Abstract

This study develops a skill evaluation metric for an individual forecast by applying a Taylor expansion to the commonly-used temporal correlation skill. In contrast to other individual forecast evaluation metrics, which depend on the amplitude of forecasted and observed anomalies, the so-called “association strength (AS) skill” is less affected by the anomaly amplitude and mainly depends on the degree of similarity between the forecasted and the observed values. Based on this newly developed index, the forecast skill is evaluated for an individual case, then, a group is categorized with respect to the AS skill. The cases with the highest AS skill exhibit the highest correlation skill than any group randomly selected, indicating that the AS skill is a powerful metric to evaluate the non-dimensionalized forecast skill.
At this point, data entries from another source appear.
theorem mainTheorem6:
  fixes r n :: nat and ms :: "nat \<Rightarrow> nat" and m h k :: nat
  assumes r_pos: "r \<ge> 1" and n_pos: "n \<ge> 1"
    and ms_pos: "\<forall>i\<in>{1..r}. ms i \<ge> 1"
    and m_def: "m = (\<Sum>i=1..r. ms i)"
    and m_le: "m \<le> n"
    and floor_cond: "(\<Sum>i=1..r. \<lfloor>real (ms i * n) / real (m + 1)\<rfloor>) \<ge> \<lfloor>real (m * n) / real (m + 1)\<rfloor>"
    and ceil_cond: "\<forall>i\<in>{1..r}. real (ms i * n) / real (m + 1) \<ge> real_of_int \<lceil>real (ms i * n) / real (m + 2)\<rceil>"
    and h_def: "h = (LEAST t::nat. t \<ge> m + 2 \<and>
         ((\<exists>i\<in>{1..r}. real (ms i * n) / real t < real_of_int \<lceil>real (ms i * n) / real (t + 1)\<rceil>) \<or>
          (\<exists>i\<in>{1..r}. \<exists>j\<in>{1..r}. i \<noteq> j \<and> \<not> t dvd ms i * n \<and> \<not> t dvd ms j * n)))"
    and k_lo: "(\<Sum>i=1..r. \<lceil>real (ms i * n) / real h\<rceil>) \<le> int k"
    and k_hi: "int k \<le> \<lceil>real (m * n) / real (m + 1)\<rceil> - 1"
  shows "equitably_colorable (cmp_vertices r (\<lambda>i. ms i * n)) cmp_adj k"
proof -
  define a where "a i = ms i * n" for i
  have N_eq: "m * n = (\<Sum>i=1..r. a i)"
    unfolding a_def m_def by (simp add: sum_distrib_right)
  have "1 \<in> {1..r}" "(0::nat) < m + 2"
    using r_pos by simp_all
  have "0 < a 1"
    using ms_pos n_pos \<open>1 \<in> {1..r}\<close> by (simp add: a_def Suc_le_eq)
  note threshold = below_least_bad_threshold[OF h_def[folded a_def] \<open>0 < m + 2\<close> \<open>1 \<in> {1..r}\<close> \<open>0 < a 1\<close>]
  have pos: "0 < h" "(0::nat) < m + 1" "0 < m * n"
    using threshold(1) member_le_sum[of 1 "{1..r}" a] N_eq \<open>1 \<in> {1..r}\<close> \<open>0 < a 1\<close> by simp_all
  have "\<forall>i\<in>{1..r}. ceil_div (a i) (m + 2) \<le> a i div (m + 1)"
    using ceil_cond unfolding a_def ceiling_divide_le_divide_iff[OF pos(2) \<open>0 < m + 2\<close>] .
  moreover have "m * n div (m + 1) \<le> (\<Sum>i=1..r. a i div (m + 1))"
    using floor_cond unfolding a_def floor_divide_of_nat_eq by (simp flip: of_nat_sum)
  moreover have "(\<Sum>i=1..r. ceil_div (a i) h) \<le> k"
    using k_lo unfolding a_def ceiling_divide_of_nat_eq[OF pos(1)] by (simp flip: of_nat_sum)
  moreover have "(m + 1) * k < m * n"
    using k_hi less_ceiling_divide_iff[OF pos(2), of k "m * n"] by (simp add: mult.commute)
  ultimately obtain s where "equitable_class_size {1..r} a k s"
    using equitable_class_size_exists[of "{1..r}" "m + 1" h a k] threshold pos
    unfolding N_eq by (force simp: Suc_le_eq)
  then show ?thesis
    using equitably_colorable_if_equitable_class_size unfolding a_def by blast
qed

end
lemma S_sub_eq:
  assumes "x \<in> iet_union l A len B"
  shows "S_sub l A len p B x = iet_map (sub_gamma l A len B) B len (perm_restrict p B) x"
proof -
  obtain b where b: "b \<in> B" "x \<in> iet_interval l A len b"
    using assms by (auto simp: iet_union_def)
  then have "S_sub l A len p B x = x + iet_transl A len p b"
    using iet_map_eq[OF finite_A len_nonneg] B_subset by (auto simp: S_sub_def)
  also have "\<dots> = iet_map (sub_gamma l A len B) B len (perm_restrict p B) x"
  proof -
    have "\<forall>a\<in>B. 0 \<le> len a" "x \<in> iet_interval (sub_gamma l A len B) B len b"
      using len_nonneg B_subset b iet_interval_block[OF b(1)] by auto
    then show ?thesis
      using iet_map_eq[OF finite_B _ b(1)] by (simp add: iet_transl_block[OF b(1)])
  qed
  finally show ?thesis .
qed

lemma stacked_interval_outside_block:
  assumes "contiguous_block f A B" "l + sum len (below_block f A B) = sub_gamma l A len B"
    and "c \<in> A - B" "x \<in> stacked_interval l A len f c"
  shows "if c \<in> below_block f A B then x < sub_gamma l A len B
    else sub_gamma l A len B + sum len B \<le> x"
  using sum_before_below_block[OF finite_A len_nonneg, of c f B]
    sum_before_above_block[OF finite_A len_nonneg B_subset B_nonempty assms(1,3)] assms(2,4)
  by (auto simp: stacked_interval_def)
lemma proper_block_blocks_from:
  "w = [] \<or> \<not> is_FQ (hd w) \<Longrightarrow> b \<in> set (blocks_from w) \<Longrightarrow> proper_block b"
proof (induction w rule: blocks_from.induct)
  case (2 c w)
  from "2.prems"(2) consider "b = c # state_prefix w" | "b \<in> set (blocks_from (dropWhile is_FQ w))"
    by auto
  then show ?case
  proof cases
    case 1
    with "2.prems"(1) show ?thesis by (simp add: proper_block_def list_all_state_prefix)
  next
    case 2
    with "2.IH" hd_dropWhile show ?thesis by blast
  qed
qed simp

lemma proper_block_blocks: "b \<in> set (blocks w) \<Longrightarrow> proper_block b"
  using proper_block_blocks_from[of "dropWhile is_FQ w" b] hd_dropWhile[of is_FQ w]
  unfolding blocks_def by blast

lemma proper_block_append_states:
  "proper_block b \<Longrightarrow> list_all is_FQ s \<Longrightarrow> proper_block (b @ s)"
  by (auto simp: proper_block_def)

lemma blocks_from_concat:
  "\<forall>b\<in>set bs. proper_block b \<Longrightarrow> blocks_from (concat bs) = bs
     \<and> state_prefix (concat bs) = [] \<and> dropWhile is_FQ (concat bs) = concat bs"
proof (induction bs)
  case (Cons b bs)
  then obtain c r where "b = c # r" "\<not> is_FQ c" "list_all is_FQ r"
    by (cases b) (auto simp: proper_block_def)
  with Cons show ?case
    by (simp add: list_all_iff)
qed simp

lemma blocks_unique:
  assumes "list_all is_FQ s" "\<forall>b\<in>set bs. proper_block b"
  shows "state_prefix (s @ concat bs) = s" "blocks (s @ concat bs) = bs"
  using assms blocks_from_concat[OF assms(2)]
  by (simp_all add: blocks_def list_all_iff)

lemma skeleton_concat_proper:
  "\<forall>b\<in>set bs. proper_block b \<Longrightarrow> skeleton (concat bs) = map hd bs"
proof (induction bs)
  case (Cons b bs)
  then show ?case
    by (cases b) (auto simp: proper_block_def skeleton_def list_all_iff filter_empty_conv)
qed (simp add: skeleton_def)

lemma skeleton_eq_map_hd_blocks: "skeleton w = map hd (blocks w)"
proof -
  have "skeleton (state_prefix w @ concat (blocks w)) = skeleton w"
    by (rule arg_cong[OF state_prefix_concat_blocks])
  moreover have "skeleton (concat (blocks w)) = map hd (blocks w)"
    using proper_block_blocks by (intro skeleton_concat_proper) blast
  ultimately show ?thesis by simp
qed

lemma blocks_eq_Nil_iff: "blocks w = [] \<longleftrightarrow> list_all is_FQ w"
  using skeleton_eq_map_hd_blocks[of w] by (simp add: skeleton_eq_Nil_iff[symmetric])

lemma blocks_append_nonempty:
  assumes "blocks a \<noteq> []"
  shows "blocks (a @ b) = butlast (blocks a) @ [last (blocks a) @ state_prefix b] @ blocks b"
proof -
  obtain bs l where a: "blocks a = bs @ [l]" using assms by (cases "blocks a" rule: rev_exhaust) auto
  let ?bs = "bs @ [l @ state_prefix b] @ blocks b"
  have "a = state_prefix a @ concat bs @ l" "b = state_prefix b @ concat (blocks b)"
    using state_prefix_concat_blocks[of a] state_prefix_concat_blocks[of b] a by simp_all
  then have "a @ b = (state_prefix a @ concat bs @ l) @ (state_prefix b @ concat (blocks b))"
    by (rule arg_cong2)
  then have eq: "a @ b = state_prefix a @ concat ?bs" by simp
  have "\<forall>b'\<in>set ?bs. proper_block b'"
    using proper_block_blocks[of _ a] proper_block_blocks[of _ b] list_all_state_prefix a
    by (auto intro: proper_block_append_states)
  then have "blocks (state_prefix a @ concat ?bs) = ?bs"
    by (rule blocks_unique(2)[OF list_all_state_prefix])
  then show ?thesis unfolding eq[symmetric] using a by simp
qed

lemma blocks_append:
  "\<exists>bs. blocks (a @ b) = bs @ blocks b \<and> state_prefix (a @ b) @ concat bs = a @ state_prefix b"
proof (cases "blocks a = []")
  case True
  then have "list_all is_FQ a" by (simp add: blocks_eq_Nil_iff)
  then show ?thesis
    by (intro exI[of _ "[]"]) (simp add: blocks_def list_all_iff)
next
  case False
  then obtain bs l where a: "blocks a = bs @ [l]" by (cases "blocks a" rule: rev_exhaust) auto
  have "state_prefix (a @ b) = state_prefix a"
    using False by (auto simp: blocks_eq_Nil_iff list_all_iff intro: takeWhile_append1)
  moreover have "a = state_prefix a @ concat bs @ l"
    using state_prefix_concat_blocks[of a] a by simp
  then have "a @ state_prefix b = (state_prefix a @ concat bs @ l) @ state_prefix b"
    by (rule arg_cong)
  then have "state_prefix a @ concat (bs @ [l @ state_prefix b]) = a @ state_prefix b" by simp
  ultimately show ?thesis
    using blocks_append_nonempty[OF False] a by (intro exI[of _ "bs @ [l @ state_prefix b]"]) simp
qed

definition same_shape :: "('a, 'q) fsym list \<Rightarrow> ('a, 'q) fsym list \<Rightarrow> bool" where
  "same_shape u v \<longleftrightarrow> length u = length v \<and> take 1 u = take 1 v \<and> skeleton u = skeleton v"

lemma same_shape_Nil [simp]: "same_shape [] []"
  by (simp add: same_shape_def)

lemma same_shape_append:
  "same_shape u u' \<Longrightarrow> same_shape v v' \<Longrightarrow> same_shape (u @ v) (u' @ v')"
  by (cases "length u'") (auto simp: same_shape_def)

lemma same_shape_states:
  assumes "list_all is_FQ u" "list_all is_FQ v" "length u = length v" "u \<noteq> [] \<Longrightarrow> hd u = hd v"
  shows "same_shape u v"
proof -
  have "take 1 u = take 1 v" using assms(3,4) by (cases u; cases v) auto
  with assms(1-3) show ?thesis by (simp add: same_shape_def skeleton_eq_Nil_iff[THEN iffD2])
qed

lemma head_state_take_1: "head_state (take 1 w) = head_state w"
  by (cases w rule: head_state.cases) auto

lemma same_shape_head_state: "same_shape u v \<Longrightarrow> head_state u = head_state v"
  by (metis head_state_take_1 same_shape_def)

lemma head_state_append: "u \<noteq> [] \<Longrightarrow> head_state (u @ v) = head_state u"
  by (cases u rule: head_state.cases) auto

section \<open>Flat words\<close>

lemma qwords_iff: "x \<in> qwords \<longleftrightarrow> list_all is_FQ x"
proof
  assume "list_all is_FQ x"
  then have "x = map FQ (map unFQ x)"
    by (induction x) (auto elim: is_FQ.elims)
  then show "x \<in> qwords" unfolding qwords_def by blast
qed (auto simp: qwords_def list_all_iff)

lemma proper_block_flat_factor: "b \<in> flat_factor A \<Longrightarrow> proper_block b"
  by (auto simp: flat_factor_def calls_f_def proper_block_def qwords_iff)

lemma is_fact_eq:
  assumes "is_fact A w f"
  shows "f = (state_prefix w, blocks w)"
proof (cases f)
  case (Pair s bs)
  with assms have "w = s @ concat bs" "list_all is_FQ s" "\<forall>b\<in>set bs. proper_block b"
    using proper_block_flat_factor by (auto simp: is_fact_def qwords_iff)
  with Pair show ?thesis using blocks_unique[of s bs] by simp
qed

lemma AllFlat_iff: "w \<in> AllFlat A \<longleftrightarrow> set (blocks w) \<subseteq> flat_factor A"
proof
  assume "w \<in> AllFlat A"
  then obtain f where "is_fact A w f" by (auto simp: AllFlat_def)
  with is_fact_eq[OF this] show "set (blocks w) \<subseteq> flat_factor A" by (simp add: is_fact_def)
next
  assume "set (blocks w) \<subseteq> flat_factor A"
  then have "is_fact A w (state_prefix w, blocks w)"
    by (simp add: is_fact_def qwords_iff list_all_state_prefix state_prefix_concat_blocks)
  then show "w \<in> AllFlat A" by (auto simp: AllFlat_def)
qed

lemma conc_kstar_blocks:
  assumes "w \<in> conc P (kstar F)" "\<forall>s\<in>P. list_all is_FQ s" "\<forall>b\<in>F. proper_block b"
  shows "state_prefix w \<in> P" "set (blocks w) \<subseteq> F"
proof -
  obtain s bs where w: "w = s @ concat bs" and "s \<in> P" "set bs \<subseteq> F"
    using assms(1) by (auto simp: conc_def kstar_iff)
  moreover have "list_all is_FQ s" "\<forall>b\<in>set bs. proper_block b"
    using assms(2,3) \<open>s \<in> P\<close> \<open>set bs \<subseteq> F\<close> by auto
  ultimately show "state_prefix w \<in> P" "set (blocks w) \<subseteq> F"
    using blocks_unique[of s bs] by simp_all
qed

lemma head_state_eq: "head_state w = (if state_prefix w = [] then None else Some (unFQ (hd (state_prefix w))))"
  by (cases w rule: head_state.cases) auto

lemma tf_step_Cons: "tf_step A c (s # r) = tf_step A c [s]"
  by (cases s) auto

lemma tf_step_hd: "b \<noteq> [] \<Longrightarrow> tf_step A c b = tf_step A c [hd b]"
  using tf_step_Cons[of A c "hd b" "tl b"] by simp

lemma foldl_tf_step:
  "\<forall>b\<in>set bs. b \<noteq> [] \<Longrightarrow> foldl (tf_step A) c bs = foldl (\<lambda>c s. tf_step A c [s]) c (map hd bs)"
proof (induction bs arbitrary: c)
  case (Cons b bs)
  then show ?case using tf_step_hd[of b A c] by simp
qed simp

lemma tf_eq_skeleton:
  assumes "w \<in> AllFlat A"
  shows "tf A w = foldl (\<lambda>c s. tf_step A c [s])
           (case head_state w of None \<Rightarrow> init_conf A | Some q \<Rightarrow> ([bot A], q)) (skeleton w)"
proof -
  obtain f where f: "is_fact A w f" using assms by (auto simp: AllFlat_def)
  with is_fact_eq[OF f] have "is_fact A w (state_prefix w, blocks w)" by simp
  then have "(THE f. is_fact A w f) = (state_prefix w, blocks w)"
    by (rule the_equality) (rule is_fact_eq)
  then have "tf A w = foldl (tf_step A)
      (if state_prefix w = [] then init_conf A else ([bot A], unFQ (hd (state_prefix w)))) (blocks w)"
    by (simp add: tf_def tf_fact_def)
  also have "\<dots> = foldl (\<lambda>c s. tf_step A c [s])
      (if state_prefix w = [] then init_conf A else ([bot A], unFQ (hd (state_prefix w)))) (map hd (blocks w))"
    using proper_block_blocks[of _ w] by (intro foldl_tf_step) (auto simp: proper_block_def)
  finally show ?thesis by (simp add: head_state_eq skeleton_eq_map_hd_blocks)
qed

lemma nu_f_cong:
  assumes "w \<in> AllFlat A" "w' \<in> AllFlat A"
    and "head_state w = head_state w'" "skeleton w = skeleton w'"
  shows "nu_f A w = nu_f A w'"
  using assms by (simp add: nu_f_def tf_eq_skeleton)

lemma Desc_append: "d \<in> Desc A \<Longrightarrow> d' \<in> Desc A \<Longrightarrow> d @ d' \<in> Desc A"
  by (induction rule: Desc.induct) (auto intro: Desc.intros)

lemma WM_in_Desc: "w \<in> WM A \<Longrightarrow> w \<in> Desc A"
  using Desc.desc_wm[OF _ Desc.desc_eps] by fastforce

lemma drop_WM_in_Desc: "w \<in> WM A \<Longrightarrow> drop i w \<in> Desc A"
proof (induction arbitrary: i rule: WM.induct)
  case (wm_int c)
  then show ?case by (cases i) (auto intro: Desc.intros WM_in_Desc WM.wm_int)
next
  case (wm_cat u v)
  then show ?case by (auto intro: Desc_append)
next
  case (wm_nest a b w)
  have "drop j [b] \<in> Desc A" for j
    using wm_nest(2) by (cases j) (auto intro: Desc.intros)
  with wm_nest show ?case
    by (cases i) (auto intro: WM_in_Desc WM.wm_nest Desc_append)
qed (simp add: Desc.desc_eps)

lemma sigma0_drop: "sigma0 A (drop i w) = drop i (sigma0 A w)"
  by (rule nth_equalityI) (auto simp: sigma0_def add.commute)

lemma Nil_in_S0: "[] \<in> S0 A"
  using Desc.desc_eps by (force simp: S0_def sigma0_def)

lemma S0_states: "s \<in> S0 A \<Longrightarrow> list_all is_FQ s"
  by (auto simp: S0_def list_all_iff)

lemma lquot_S1_eq: "x \<in> lquot \<tau> (S1 A) \<Longrightarrow> \<exists>w\<in>WM A. x = map FQ (tl (sigma0 A w))"
  by (auto simp: lquot_def S1_def sigma1_def)

lemma lquot_S1_states: "x \<in> lquot \<tau> (S1 A) \<Longrightarrow> list_all is_FQ x"
  by (auto simp: list_all_iff dest!: lquot_S1_eq)

text \<open>A suffix of \<open>\<sigma>\<^sub>1(w)\<close> without its first letter is \<open>\<sigma>\<^sub>0\<close> of a suffix of the well-matched
  word \<open>w\<close>, and suffixes of well-matched words are descending.\<close>
lemma lquot_S1_suffix_in_S0:
  assumes "y @ s \<in> lquot \<tau> (S1 A)"
  shows "s \<in> S0 A"
proof -
  obtain w where "w \<in> WM A" "y @ s = map FQ (tl (sigma0 A w))"
    using lquot_S1_eq[OF assms] by blast
  then have "s = map FQ (sigma0 A (drop (Suc (length y)) w))"
    by (metis append_eq_conv_conj drop_map drop_Suc sigma0_drop)
  then show ?thesis
    using drop_WM_in_Desc[OF \<open>w \<in> WM A\<close>] by (auto simp: S0_def)
qed

lemma proper_block_S1: "x \<in> S1 A \<Longrightarrow> proper_block x"
  by (auto simp: S1_def sigma1_def proper_block_def list_all_iff)

lemma proper_block_calls_f: "x \<in> calls_f A \<Longrightarrow> proper_block x"
  by (auto simp: calls_f_def proper_block_def)

lemma Flat_subset_AllFlat: "Flat A \<subseteq> AllFlat A"
proof
  fix w assume "w \<in> Flat A"
  then have "set (blocks w) \<subseteq> calls_f A \<union> S1 A"
    using conc_kstar_blocks(2)[of w] S0_states proper_block_S1 proper_block_calls_f
    unfolding Flat_def by blast
  moreover have "calls_f A \<union> S1 A \<subseteq> flat_factor A"
    by (auto simp: flat_factor_def S1_def sigma1_def qwords_def)
  ultimately show "w \<in> AllFlat A" unfolding AllFlat_iff by blast
qed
This strategy is adopted for the subseasonal East Asian summer precipitation forecasts produced by the UK Met Office’s ensemble Global Seasonal forecast system version 5 (GloSea5). In the group with the highest AS skill of the East Asian summer precipitation index (i.e., highest AS cases), the geopotential height anomalies showed quasi-stationary Rossby waves from the North Atlantic to East Asia. The spatial distribution of the dominant subseasonal anomalies for cases with the highest AS is distinct from the cases or groups with the lowest AS skill. Furthermore, the dominant pattern with the highest AS is not solely explained by any well-known typical subseasonal climate patterns, such as the Madden–Julian Oscillation, circumglobal teleconnection pattern, Pacific-Japan pattern, or the Summer North Atlantic Oscillation. This implies that the excitation of well-known climate patterns only partly contributes to increasing the mid-latitude climate predictability in the GloSea5.